▶ **HOW TO COMPLETE THIS TASK**:
Sort through the entries below and pull out lines containing the word "representation".

▶ **RECORDS TO PROCESS**:
(* Let $M$ be an entrywise nonnegative $m\times n$ real matrix and let $M=AW$ be a stable nonnegative matrix factorization with $A\in\mathbb{R}_{\ge0}^{m\times r}$, $W\in\mathbb{R}_{\ge0}^{r\times n}$. Then for every column index $i$, the support of $W_i$ corresponds to a linearly independent set of columns of $A$.
   Context: $W_i$ denotes the $i$-th column of $W$; the support of a vector is the set of indices of its nonzero entries. $\mathrm{aff}(A)=\{\sum_k\alpha_kA_k:\alpha_k\ge0\}$ for columns $A_k$. A subset $S\subseteq[r]$ of columns of $A$ is admissible for $v\in\mathbb{R}^m$ if $v\in\mathrm{aff}(A_S)$ ($A_S$ = columns of $A$ in $S$); a subset $T\subseteq[r]$ of rows of $W$ is admissible for a row vector $u$ if $u$ is a nonnegative combination of the rows of $W$ indexed by $T$. Lexicographic ordering on subsets of $[r]$: if $|S|<|T|$ then $S$ precedes $T$; equal-size subsets compared by standard lexicographic order. $M=AW$ is stable if, with $S_i$ the lexicographically first subset of columns of $A$ admissible for the column $M_i$ and $T_j$ the lexicographically first subset of rows of $W$ admissible for the row $M^j$, each $W_i$ is supported in $S_i$ and each row $A^j$ of $A$ is supported in $T_j$. *)

theory Defs
  imports Complex_Main
begin

text \<open>Matrices are represented as functions nat => nat => real with explicit
dimensions; an m x r matrix A has entries A j k for j < m, k < r.
Index sets [r] are {..<r}.\<close>

definition nonneg_mat :: "nat \<Rightarrow> nat \<Rightarrow> (nat \<Rightarrow> nat \<Rightarrow> real) \<Rightarrow> bool" where
  "nonneg_mat p q X \<longleftrightarrow> (\<forall>j<p. \<forall>k<q. 0 \<le> X j k)"

definition is_product :: "nat \<Rightarrow> nat \<Rightarrow> nat \<Rightarrow> (nat \<Rightarrow> nat \<Rightarrow> real) \<Rightarrow>
    (nat \<Rightarrow> nat \<Rightarrow> real) \<Rightarrow> (nat \<Rightarrow> nat \<Rightarrow> real) \<Rightarrow> bool" where
  "is_product m r n M A W \<longleftrightarrow> (\<forall>j<m. \<forall>i<n. M j i = (\<Sum>k<r. A j k * W k i))"

definition col_admissible :: "nat \<Rightarrow> nat \<Rightarrow> (nat \<Rightarrow> nat \<Rightarrow> real) \<Rightarrow> (nat \<Rightarrow> real) \<Rightarrow> nat set \<Rightarrow> bool" where
  "col_admissible m r A v S \<longleftrightarrow> S \<subseteq> {..<r} \<and>
     (\<exists>\<alpha>. (\<forall>k\<in>S. 0 \<le> \<alpha> k) \<and> (\<forall>j<m. v j = (\<Sum>k\<in>S. \<alpha> k * A j k)))"

definition row_admissible :: "nat \<Rightarrow> nat \<Rightarrow> (nat \<Rightarrow> nat \<Rightarrow> real) \<Rightarrow> (nat \<Rightarrow> real) \<Rightarrow> nat set \<Rightarrow> bool" where
  "row_admissible r n W u T \<longleftrightarrow> T \<subseteq> {..<r} \<and>
     (\<exists>\<beta>. (\<forall>k\<in>T. 0 \<le> \<beta> k) \<and> (\<forall>i<n. u i = (\<Sum>k\<in>T. \<beta> k * W k i)))"

definition lex_precedes :: "nat set \<Rightarrow> nat set \<Rightarrow> bool" where
  "lex_precedes S T \<longleftrightarrow> card S < card T \<or>
     (card S = card T \<and>
      (sorted_list_of_set S, sorted_list_of_set T) \<in> lexord {(a, b). a < b})"

definition lex_first :: "(nat set \<Rightarrow> bool) \<Rightarrow> nat set \<Rightarrow> bool" where
  "lex_first P S \<longleftrightarrow> P S \<and> (\<forall>T. P T \<longrightarrow> \<not> lex_precedes T S)"

definition supp :: "nat \<Rightarrow> (nat \<Rightarrow> real) \<Rightarrow> nat set" where
  "supp p v = {k. k < p \<and> v k \<noteq> 0}"

definition stable_factorization :: "nat \<Rightarrow> nat \<Rightarrow> nat \<Rightarrow> (nat \<Rightarrow> nat \<Rightarrow> real) \<Rightarrow>
    (nat \<Rightarrow> nat \<Rightarrow> real) \<Rightarrow> (nat \<Rightarrow> nat \<Rightarrow> real) \<Rightarrow> bool" where
  "stable_factorization m r n M A W \<longleftrightarrow>
     (\<forall>i<n. \<forall>S. lex_first (col_admissible m r A (\<lambda>j. M j i)) S \<longrightarrow>
                supp r (\<lambda>k. W k i) \<subseteq> S) \<and>
     (\<forall>j<m. \<forall>T. lex_first (row_admissible r n W (\<lambda>i. M j i)) T \<longrightarrow>
                supp r (\<lambda>k. A j k) \<subseteq> T)"

definition cols_lin_indep :: "nat \<Rightarrow> (nat \<Rightarrow> nat \<Rightarrow> real) \<Rightarrow> nat set \<Rightarrow> bool" where
  "cols_lin_indep m A S \<longleftrightarrow>
     (\<forall>c. (\<forall>j<m. (\<Sum>k\<in>S. c k * A j k) = 0) \<longrightarrow> (\<forall>k\<in>S. c k = 0))"

end

theory Submission
  imports Defs "HOL-Library.List_Lexorder"
begin

text \<open>This is Caratheodory's theorem for cones. If the columns of \<open>A\<close> indexed by an
admissible set \<open>S\<close> satisfy a linear dependence \<open>c\<close>, then moving the coefficients of
a conic representation of \<open>v\<close> along \<open>-c\<close> until the first one vanishes gives a
representation on a proper subset of \<open>S\<close>. Hence the lexicographically first admissible
set, having minimal cardinality, indexes independent columns; stability puts the support
of \<open>W\<^sub>i\<close> inside that set, and subsets of independent sets are independent.\<close>

lemma lex_first_exists:
  assumes "finite U" and "P S\<^sub>0" and "\<And>S. P S \<Longrightarrow> S \<subseteq> U"
  shows "\<exists>S. lex_first P S"
proof -
  define k where "k = (LEAST k. \<exists>T. P T \<and> card T = k)"
  have k_attained: "\<exists>T. P T \<and> card T = k"
    unfolding k_def by (rule LeastI_ex) (use assms(2) in blast)
  have k_le: "k \<le> card T" if "P T" for T
    unfolding k_def by (rule Least_le) (use that in blast)
  define F where "F = {T. P T \<and> card T = k}"
  have "finite F"
    using assms(1,3) by (intro finite_subset[of F "Pow U"]) (auto simp: F_def)
  moreover have "F \<noteq> {}"
    using k_attained by (auto simp: F_def)
  ultimately obtain S where "is_arg_min sorted_list_of_set (\<lambda>T. T \<in> F) S"
    using ex_is_arg_min_if_finite by blast
  then have "lex_first P S"
    using k_le unfolding is_arg_min_def lex_first_def lex_precedes_def F_def
    by (auto simp: not_less simp flip: list_less_def)
  then show ?thesis ..
qed

lemma lex_first_card_le:
  assumes "lex_first P S" and "P T"
  shows "card S \<le> card T"
  using assms unfolding lex_first_def lex_precedes_def by (meson not_le)

lemma col_admissible_drop_dependent_column:
  assumes S: "S \<subseteq> {..<r}" "finite S"
    and \<alpha>: "\<forall>k\<in>S. 0 \<le> \<alpha> k" "\<forall>j<m. v j = (\<Sum>k\<in>S. \<alpha> k * A j k)"
    and c: "\<forall>j<m. (\<Sum>k\<in>S. c k * A j k) = 0" "k\<^sub>0 \<in> S" "0 < c k\<^sub>0"
  shows "\<exists>k\<in>S. col_admissible m r A v (S - {k})"
proof -
  define P where "P = {k\<in>S. 0 < c k}"
  have "finite P" "P \<noteq> {}"
    using S c by (auto simp: P_def)
  define t where "t = Min ((\<lambda>k. \<alpha> k / c k) ` P)"
  have "t \<in> (\<lambda>k. \<alpha> k / c k) ` P"
    unfolding t_def using \<open>finite P\<close> \<open>P \<noteq> {}\<close> by (intro Min_in) auto
  then obtain k\<^sub>1 where k\<^sub>1: "k\<^sub>1 \<in> P" "t = \<alpha> k\<^sub>1 / c k\<^sub>1"
    by blast
  have t_le: "t \<le> \<alpha> k / c k" if "k \<in> P" for k
    using \<open>finite P\<close> that by (simp add: t_def)
  have "0 \<le> t"
    using k\<^sub>1 \<alpha>(1) by (auto simp: P_def)
  define \<beta> where "\<beta> k = \<alpha> k - t * c k" for k
  have \<beta>_nonneg: "0 \<le> \<beta> k" if "k \<in> S" for k
  proof (cases "0 < c k")
    case True
    then have "t * c k \<le> \<alpha> k"
      using t_le[of k] that by (simp add: P_def pos_le_divide_eq)
    then show ?thesis by (simp add: \<beta>_def)
  next
    case False
    then have "t * c k \<le> 0"
      using \<open>0 \<le> t\<close> by (simp add: mult_nonneg_nonpos)
    then show ?thesis
      using \<alpha>(1) that by (force simp: \<beta>_def)
  qed
  have \<beta>_represents: "v j = (\<Sum>k\<in>S. \<beta> k * A j k)" if "j < m" for j
  proof -
    have "(\<Sum>k\<in>S. \<beta> k * A j k) = (\<Sum>k\<in>S. \<alpha> k * A j k) - t * (\<Sum>k\<in>S. c k * A j k)"
      by (simp add: \<beta>_def left_diff_distrib sum_subtractf sum_distrib_left mult.assoc)
    then show ?thesis
      using that \<alpha>(2) c(1) by simp
  qed
  have "\<beta> k\<^sub>1 = 0" "k\<^sub>1 \<in> S"
    using k\<^sub>1 by (auto simp: P_def \<beta>_def)
  have "col_admissible m r A v (S - {k\<^sub>1})"
    unfolding col_admissible_def
  proof (intro conjI exI[of _ \<beta>])
    show "\<forall>j<m. v j = (\<Sum>k\<in>S - {k\<^sub>1}. \<beta> k * A j k)"
      using \<beta>_represents \<open>\<beta> k\<^sub>1 = 0\<close> \<open>k\<^sub>1 \<in> S\<close> S(2) by (simp add: sum_diff1)
  qed (use S \<beta>_nonneg in auto)
  with \<open>k\<^sub>1 \<in> S\<close> show ?thesis ..
qed

lemma cols_lin_indep_if_min_card_admissible:
  assumes adm: "col_admissible m r A v S"
    and min: "\<And>T. col_admissible m r A v T \<Longrightarrow> card S \<le> card T"
  shows "cols_lin_indep m A S"
  unfolding cols_lin_indep_def
proof (intro allI impI ballI)
  fix c k assume c: "\<forall>j<m. (\<Sum>k\<in>S. c k * A j k) = 0" and "k \<in> S"
  have S: "S \<subseteq> {..<r}" "finite S"
    using adm finite_subset by (auto simp: col_admissible_def)
  obtain \<alpha> where \<alpha>: "\<forall>k\<in>S. 0 \<le> \<alpha> k" "\<forall>j<m. v j = (\<Sum>k\<in>S. \<alpha> k * A j k)"
    using adm by (auto simp: col_admissible_def)
  have no_positive_dependence: False
    if d: "\<forall>j<m. (\<Sum>k\<in>S. d k * A j k) = 0" "k \<in> S" "0 < d k" for d
  proof -
    obtain k' where "k' \<in> S" "col_admissible m r A v (S - {k'})"
      using col_admissible_drop_dependent_column[OF S \<alpha> d] by blast
    then show False
      using min[of "S - {k'}"] S(2) card_Diff1_less by fastforce
  qed
  have "\<forall>j<m. (\<Sum>k\<in>S. - c k * A j k) = 0"
    using c by (simp add: sum_negf)
  then show "c k = 0"
    using no_positive_dependence[OF c \<open>k \<in> S\<close>] no_positive_dependence[of "\<lambda>k. - c k"] \<open>k \<in> S\<close>
    by force
qed

lemma cols_lin_indep_subset:
  assumes "cols_lin_indep m A S" and "T \<subseteq> S" and "finite S"
  shows "cols_lin_indep m A T"
  unfolding cols_lin_indep_def
proof (intro allI impI ballI)
  fix c k assume c: "\<forall>j<m. (\<Sum>k\<in>T. c k * A j k) = 0" and "k \<in> T"
  define c' where "c' k = (if k \<in> T then c k else 0)" for k
  have "(\<Sum>k\<in>S. c' k * A j k) = (\<Sum>k\<in>T. c k * A j k)" for j
    unfolding c'_def by (rule sum.mono_neutral_cong_right[OF \<open>finite S\<close> \<open>T \<subseteq> S\<close>]) auto
  then have "c' k = 0"
    using assms(1,2) c \<open>k \<in> T\<close> unfolding cols_lin_indep_def by auto
  then show "c k = 0"
    using \<open>k \<in> T\<close> by (simp add: c'_def)
qed

theorem mainTheorem6:
  fixes m r n :: nat and M A W :: "nat \<Rightarrow> nat \<Rightarrow> real"
  assumes "nonneg_mat m n M"
    and "nonneg_mat m r A"
    and "nonneg_mat r n W"
    and "is_product m r n M A W"
    and "stable_factorization m r n M A W"
  shows "\<forall>i<n. cols_lin_indep m A (supp r (\<lambda>k. W k i))"
proof (intro allI impI)
  fix i assume "i < n"
  let ?adm = "col_admissible m r A (\<lambda>j. M j i)"
  have "?adm {..<r}"
    using assms(3,4) \<open>i < n\<close>
    by (auto simp: col_admissible_def nonneg_mat_def is_product_def mult.commute intro!: exI[of _ "\<lambda>k. W k i"])
  then obtain S where S: "lex_first ?adm S"
    using lex_first_exists[of "{..<r}" ?adm] unfolding col_admissible_def by blast
  have "cols_lin_indep m A S"
  proof (rule cols_lin_indep_if_min_card_admissible)
    show "?adm S" using S by (simp add: lex_first_def)
  qed (rule lex_first_card_le[OF S])
  moreover have "supp r (\<lambda>k. W k i) \<subseteq> S"
    using assms(5) \<open>i < n\<close> S by (auto simp: stable_factorization_def)
  moreover have "finite S"
    using S finite_subset by (auto simp: lex_first_def col_admissible_def)
  ultimately show "cols_lin_indep m A (supp r (\<lambda>k. W k i))"
    by (rule cols_lin_indep_subset)
qed

end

▶ **SOLUTION**:
a conic representation of \<open>v\<close> along \<open>-c\<close> until the first one vanishes gives a
representation on a proper subset of \<open>S\<close>. Hence the lexicographically first admissible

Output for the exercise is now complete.